“所以当时老夫自信必能斩杀此獠。”
“然而没想到的是,就在老夫准备下杀手之时,那血满山的实力突然暴涨了许多,原本早已灯尽油枯的灵力竟似恢复了过来一般,然后他连续施展了几门道术……”
说到这里的时候,郑昆仑顿了顿,他的眼神变得有些疑惑,在犹疑了那么两三秒之后,方才继续说道:
“……那几门道术很厉害,但是原先他却一直都没有施展过,这么厉害的道术,他为什么不早点施展?而非要等到快要被人杀死时才用出来?这是后来老夫一直很想不通的事情。”
“而且那几门道术,跟血满山的道途也似完全不同,血满山原先的道术,都是充满邪气的以自身鲜血之力引到的术法,但是他后来施展出来的那几门道术,却给人一种堂堂正正之感,那种感觉很奇特,总感觉那根本就不是他自己的道术一般……”
然后,郑昆仑又是顿了一段,他看着李长卿,缓缓说道:
“最让老夫难忘的是,是当时血满山的眼神……那种眼神,他似乎比老夫还要惊讶,就像一个人在自己都不知情的情况下,突然得到了什么东西一般。”
“而当血满山施展出那几门道术之后,老夫猝不及防之下,却是受了些伤,只能眼睁睁看着他脱身而去。”
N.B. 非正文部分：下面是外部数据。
(* Let $T$ be a completely non-unitary contraction on a Hilbert space $\mathcal{H}$ with finite-dimensional defect spaces such that $\mathcal{D}_T\subseteq\mathcal{D}_{T^*}$ and $\dim\mathcal{D}_T=1$. Then $T$ is hyponormal.
   Context: For a contraction $T$ on $\mathcal{H}$, the defect spaces are $\mathcal{D}_T=\overline{(I-T^*T)^{1/2}\mathcal{H}}$ and $\mathcal{D}_{T^*}=\overline{(I-TT^* )^{1/2}\mathcal{H}}$. A contraction is completely non-unitary if it has no nonzero reducing subspace on which it is unitary. $T$ is hyponormal if $T^*T\ge TT^*$. *)

theory Defs
  imports "HOL-Analysis.Analysis"
begin

class complex_vector = real_vector +
  fixes scaleC :: "complex \<Rightarrow> 'a \<Rightarrow> 'a" (infixr "*\<^sub>C" 75)
  assumes scaleC_add_right: "scaleC a (x + y) = scaleC a x + scaleC a y"
    and scaleC_add_left: "scaleC (a + b) x = scaleC a x + scaleC b x"
    and scaleC_scaleC: "scaleC a (scaleC b x) = scaleC (a * b) x"
    and scaleC_one: "scaleC 1 x = x"
    and scaleR_scaleC: "scaleR r x = scaleC (complex_of_real r) x"

text \<open>Inner product, linear in the second and conjugate-linear in the first argument.\<close>
class complex_inner = complex_vector + real_normed_vector +
  fixes cinner :: "'a \<Rightarrow> 'a \<Rightarrow> complex"
  assumes cinner_commute: "cinner x y = cnj (cinner y x)"
    and cinner_add_left: "cinner (x + y) z = cinner x z + cinner y z"
    and cinner_scaleC_left: "cinner (scaleC c x) y = cnj c * cinner x y"
    and cinner_nonneg: "Im (cinner x x) = 0 \<and> Re (cinner x x) \<ge> 0"
    and cinner_eq_zero_iff: "cinner x x = 0 \<longleftrightarrow> x = 0"
    and norm_eq_sqrt_cinner: "norm x = sqrt (Re (cinner x x))"

class chilbert_space = complex_inner + complete_space

definition bounded_clinear :: "('a::complex_inner \<Rightarrow> 'b::complex_inner) \<Rightarrow> bool" where
  "bounded_clinear f \<longleftrightarrow> bounded_linear f \<and> (\<forall>c x. f (c *\<^sub>C x) = c *\<^sub>C f x)"

definition adj :: "('a::complex_inner \<Rightarrow> 'a) \<Rightarrow> ('a \<Rightarrow> 'a)" where
  "adj T = (THE S. \<forall>x y. cinner (S x) y = cinner x (T y))"

definition contraction :: "('a::complex_inner \<Rightarrow> 'a) \<Rightarrow> bool" where
  "contraction T \<longleftrightarrow> bounded_clinear T \<and> (\<forall>x. norm (T x) \<le> norm x)"

definition positive_op :: "('a::complex_inner \<Rightarrow> 'a) \<Rightarrow> bool" where
  "positive_op A \<longleftrightarrow> bounded_clinear A \<and>
     (\<forall>x. Im (cinner x (A x)) = 0 \<and> Re (cinner x (A x)) \<ge> 0)"

definition op_le :: "('a::complex_inner \<Rightarrow> 'a) \<Rightarrow> ('a \<Rightarrow> 'a) \<Rightarrow> bool" where
  "op_le A B \<longleftrightarrow> positive_op (\<lambda>x. B x - A x)"

definition op_sqrt :: "('a::complex_inner \<Rightarrow> 'a) \<Rightarrow> ('a \<Rightarrow> 'a)" where
  "op_sqrt A = (THE S. positive_op S \<and> S \<circ> S = A)"

definition defect_space :: "('a::complex_inner \<Rightarrow> 'a) \<Rightarrow> 'a set" where
  "defect_space T = closure (range (op_sqrt (\<lambda>x. x - adj T (T x))))"

definition defect_space_adj :: "('a::complex_inner \<Rightarrow> 'a) \<Rightarrow> 'a set" where
  "defect_space_adj T = closure (range (op_sqrt (\<lambda>x. x - T (adj T x))))"

definition csubspace :: "'a::complex_vector set \<Rightarrow> bool" where
  "csubspace M \<longleftrightarrow> 0 \<in> M \<and> (\<forall>x\<in>M. \<forall>y\<in>M. x + y \<in> M) \<and> (\<forall>c. \<forall>x\<in>M. c *\<^sub>C x \<in> M)"

definition cspan :: "'a::complex_vector set \<Rightarrow> 'a set" where
  "cspan B = {x. \<exists>F c. finite F \<and> F \<subseteq> B \<and> x = (\<Sum>b\<in>F. c b *\<^sub>C b)}"

definition cfinite_dim :: "'a::complex_vector set \<Rightarrow> bool" where
  "cfinite_dim S \<longleftrightarrow> (\<exists>B. finite B \<and> S \<subseteq> cspan B)"

definition cdim :: "'a::complex_vector set \<Rightarrow> nat" where
  "cdim S = (LEAST n. \<exists>B. finite B \<and> card B = n \<and> B \<subseteq> S \<and> cspan B = S)"

definition reducing :: "('a::complex_inner \<Rightarrow> 'a) \<Rightarrow> 'a set \<Rightarrow> bool" where
  "reducing T M \<longleftrightarrow> csubspace M \<and> closed M \<and> T ` M \<subseteq> M \<and> adj T ` M \<subseteq> M"

definition unitary_on :: "('a::complex_inner \<Rightarrow> 'a) \<Rightarrow> 'a set \<Rightarrow> bool" where
  "unitary_on T M \<longleftrightarrow> (\<forall>x\<in>M. norm (T x) = norm x) \<and> T ` M = M"

definition completely_non_unitary :: "('a::complex_inner \<Rightarrow> 'a) \<Rightarrow> bool" where
  "completely_non_unitary T \<longleftrightarrow> (\<forall>M. reducing T M \<and> unitary_on T M \<longrightarrow> M = {0})"

definition hyponormal :: "('a::complex_inner \<Rightarrow> 'a) \<Rightarrow> bool" where
  "hyponormal T \<longleftrightarrow> op_le (\<lambda>x. T (adj T x)) (\<lambda>x. adj T (T x))"

end

(*
  Write D = I - T^* T and D' = I - T T^*. Hyponormality, T^* T >= T T^*, says D <= D'.
  Since the defect space of T is a line spanned by a unit vector u, the positive operator D
  has rank one: D = a u (x) u with a >= 0. The inclusion of defect spaces puts u in the
  closure of the range of D'^(1/2), i.e. orthogonal to ker D'. From T D = D' T one gets
  D' (T u) = a T u and D'^2 = D' - a (T u) (x) (T u); splitting x into a part in ker D' and
  the rest then yields a |<u, x>|^2 <= <D' x, x>, which is D <= D'.

  Adjoints and square roots are defined by definite description, so both have to be
  constructed: adjoints from the Riesz representation, and the square root of I - B for a
  positive contraction B as I - Y with Y = lim Y_n, Y_0 = 0, Y_(n+1) = (B + Y_n^2) / 2.
*)

theory Submission
  imports Defs
begin

section \<open>Complex inner product spaces\<close>

interpretation cvs: vector_space "scaleC :: complex \<Rightarrow> 'a::complex_vector \<Rightarrow> 'a"
  by unfold_locales (simp_all add: scaleC_add_right scaleC_add_left scaleC_scaleC scaleC_one)

lemma cinner_zero_left [simp]: "cinner 0 (y::'a::complex_inner) = 0"
  using cinner_add_left[of 0 0 y] by simp

lemma cinner_zero_right [simp]: "cinner (y::'a::complex_inner) 0 = 0"
  by (metis cinner_commute cinner_zero_left complex_cnj_zero)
“这件事情,一直让老夫疑惑于心,也愧疚于心,当年费了贵盟还有整个申城修行界偌大之力的那场围剿之战,最后却在老夫的手中功亏一篑。”
郑昆仑讲完了。
在郑昆仑讲述的时候,李长卿一直低着头,凝视着茶杯中那些翻滚的翠绿的茶叶。
当郑昆仑讲完之后,茶杯中的茶叶恰好都平静了下来,慢慢地沉在了雪白的杯底。
然后李李长卿抬起头来,她的眼神中有无比凝重之色。
“那是赐法之术!”
她说了这么一句话。
“何为赐法之术?”
郑昆仑不解地问道。
“所谓赐法之术,就是将自己的道法,暂时赐予在他人之身,让那人也拥有施展那种道术的能力。”
李长卿神情肃穆地解释道:
“这是一种极为神妙的上古秘术,如今天地间会这种秘术的人,已经非常非常少了,这种秘术必须要在所赐道术的的道途上,有着极为高深的领悟,另外也必须是真正的仙境之上,才能够施展。”
李长卿之所以知道地这么清楚,因为她自己曾经也体会过这赐法之术。